Non sono un linguista, e mi sono avvicinato da pochissimo tempo all’affascinante mondo dell’etimologia. Ciò nonostante cercherò di riassumere brevemente alcune osservazioni da me effettuate nel periodo trascorso nella Catalunya, patria della lingua catalana, per motivi di studio. Ciò che dirò avrà valore di semplici osservazioni linguistiche: rimando a persone più dotte, istruite maggiormente sul tema, ed interessate ad approfondire, il verificare la bontà di ciò che dirò.

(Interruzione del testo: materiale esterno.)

lemma trust_region_minimizer_reflection:
  assumes V: "subspace V" and ws: "ws \<in> V" "norm ws = \<gamma>"
    and min: "\<And>w. w \<in> V \<Longrightarrow> norm w = \<gamma>
                 \<Longrightarrow> trust_region_objective f r ws \<le> trust_region_objective f r w"
    and z: "z \<in> V"
  shows "(z \<bullet> ws) * (z \<bullet> z) * (z \<bullet> (f ws + r)) \<le> (z \<bullet> ws)\<^sup>2 * (z \<bullet> f z)"
proof (cases "z = 0")
  case True
  then show ?thesis by simp
next
  case False
  \<comment> \<open>\<open>ws + a z\<close> is the reflection of \<open>ws\<close> in the hyperplane orthogonal to \<open>z\<close>.\<close>
  define a where "a = - 2 * (z \<bullet> ws) / (z \<bullet> z)"
  have za: "z \<bullet> ws = - a * (z \<bullet> z) / 2"
    using False by (simp add: a_def)
  have "(ws + a *\<^sub>R z) \<bullet> (ws + a *\<^sub>R z) = ws \<bullet> ws + a * (2 * (z \<bullet> ws) + a * (z \<bullet> z))"
    by (simp add: inner_add_left inner_add_right inner_commute algebra_simps)
  then have "norm (ws + a *\<^sub>R z) = \<gamma>"
    using ws(2) za by (simp add: norm_eq_sqrt_inner)
  then have "0 \<le> (a *\<^sub>R z) \<bullet> f (a *\<^sub>R z) + 2 * ((a *\<^sub>R z) \<bullet> (f ws + r))"
    using min[of "ws + a *\<^sub>R z"] trust_region_objective_add[of r ws "a *\<^sub>R z"] V ws(1) z
    by (simp add: subspace_add subspace_scale)
  then have "0 \<le> (z \<bullet> z)\<^sup>2 * (a * (a * (z \<bullet> f z)) + a * (2 * (z \<bullet> (f ws + r))))"
    by (simp add: linear_scale[OF lin])
  also have "\<dots> = 4 * ((z \<bullet> ws)\<^sup>2 * (z \<bullet> f z) - (z \<bullet> ws) * (z \<bullet> z) * (z \<bullet> (f ws + r)))"
    unfolding za by (simp add: power2_eq_square algebra_simps)
  finally show ?thesis by simp
qed

lemma trust_region_minimizer_orthogonal:
  assumes V: "subspace V" and \<gamma>: "\<gamma> > 0" and ws: "ws \<in> V" "norm ws = \<gamma>"
    and min: "\<And>w. w \<in> V \<Longrightarrow> norm w = \<gamma>
                 \<Longrightarrow> trust_region_objective f r ws \<le> trust_region_objective f r w"
    and u: "u \<in> V" "u \<bullet> ws = 0"
  shows "u \<bullet> (f ws + r) = 0"
proof -
  obtain B where B: "\<And>z. z \<bullet> f z \<le> B * (z \<bullet> z)"
    using linear_inner_self_bounded[OF lin] by blast
  have "ws \<bullet> (f ws + r) + t * (u \<bullet> (f ws + r)) \<le> \<gamma>\<^sup>2 * B" for t
  proof -
    define z where "z = ws + t *\<^sub>R u"
    have "z \<in> V" using V ws(1) u(1) by (simp add: z_def subspace_add subspace_scale)
    have zws: "z \<bullet> ws = \<gamma>\<^sup>2"
      using u(2) ws(2) by (simp add: z_def inner_add_left flip: power2_norm_eq_inner)
    have pos: "0 < \<gamma>\<^sup>2 * (z \<bullet> z)"
      using \<gamma> zws by (metis inner_gt_zero_iff inner_zero_left mult_pos_pos zero_less_power)
    have "\<gamma>\<^sup>2 * (z \<bullet> z) * (z \<bullet> (f ws + r)) \<le> \<gamma>\<^sup>2 * \<gamma>\<^sup>2 * (z \<bullet> f z)"
      using trust_region_minimizer_reflection[OF V ws min \<open>z \<in> V\<close>] zws
      by (simp add: power2_eq_square)
    also have "\<dots> \<le> \<gamma>\<^sup>2 * (z \<bullet> z) * (\<gamma>\<^sup>2 * B)"
      using mult_left_mono[OF B[of z], of "\<gamma>\<^sup>2 * \<gamma>\<^sup>2"] by (simp add: algebra_simps)
    finally have "z \<bullet> (f ws + r) \<le> \<gamma>\<^sup>2 * B"
      using pos by (simp add: mult_le_cancel_left_pos)
    then show ?thesis
      by (simp add: z_def inner_add_left)
  qed
  then show ?thesis by (rule slope_eq_0_if_bounded_above)
qed

lemma trust_region_minimizer_stationary:
  assumes V: "subspace V" and \<gamma>: "\<gamma> > 0" and ws: "ws \<in> V" "norm ws = \<gamma>"
    and min: "\<And>w. w \<in> V \<Longrightarrow> norm w = \<gamma>
                 \<Longrightarrow> trust_region_objective f r ws \<le> trust_region_objective f r w"
  shows "trust_region_stationary V f r \<gamma> ((ws \<bullet> (f ws + r)) / \<gamma>\<^sup>2) ws"
  unfolding trust_region_stationary_def
proof (intro conjI ballI)
  fix z assume "z \<in> V"
  define u where "u = z - ((z \<bullet> ws) / \<gamma>\<^sup>2) *\<^sub>R ws"
  have "u \<in> V" using V ws(1) \<open>z \<in> V\<close> by (simp add: u_def subspace_diff subspace_scale)
  moreover have "u \<bullet> ws = 0"
    using ws(2) \<gamma> by (simp add: u_def inner_diff_left flip: power2_norm_eq_inner)
  ultimately have "u \<bullet> (f ws + r) = 0"
    using trust_region_minimizer_orthogonal[OF V \<gamma> ws min] by blast
  then show "z \<bullet> (f ws - ((ws \<bullet> (f ws + r)) / \<gamma>\<^sup>2) *\<^sub>R ws + r) = 0"
    by (simp add: u_def inner_diff_left inner_diff_right inner_add_right inner_commute
        algebra_simps)
qed (use ws in auto)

Il viaggiatore salentino che ascoltasse per la prima volta parlare un catalano rimarrebbe colpito dalla notevole diffusione, se confrontata con le lingue italiana e spagnola, del suono vocalico [u], un’abbondanza che è presente anche nel salentino. Il sistema vocalico catalano è formato da ben 8 vocali, le stesse della lingua italiana con l’aggiunta della vocale neutra ә, quel suono a metà fra una [a] e una [e] presente, ad esempio, nella lingua napoletana. La particolarità del catalano è che, sebbene nella scrittura siano presenti sia la ‘o’ che la ‘u’ in posizione atona, entrambe le lettere si pronunciano con il suono di u (la o si pronuncia come tale solo quando è vocale tonica). Il fenomeno della neutralizzazione di [o] e [u] atone in [u] è presente anche nella lingua salentina, la cui ortografia ha sempre risentito dell’influsso dell’ortografia italiana particolarmente trasparente dal punto di vista fonologico (più o meno, le parole si pronunciano
esattamente come si scrivono). Tale particolarità, da sola, crea una grandissima quantità di analogie tra le due lingue catalana e salentina. A titolo di esempio:
[SAL] jeu parlu [CAT] jo parlo (pron: parlu)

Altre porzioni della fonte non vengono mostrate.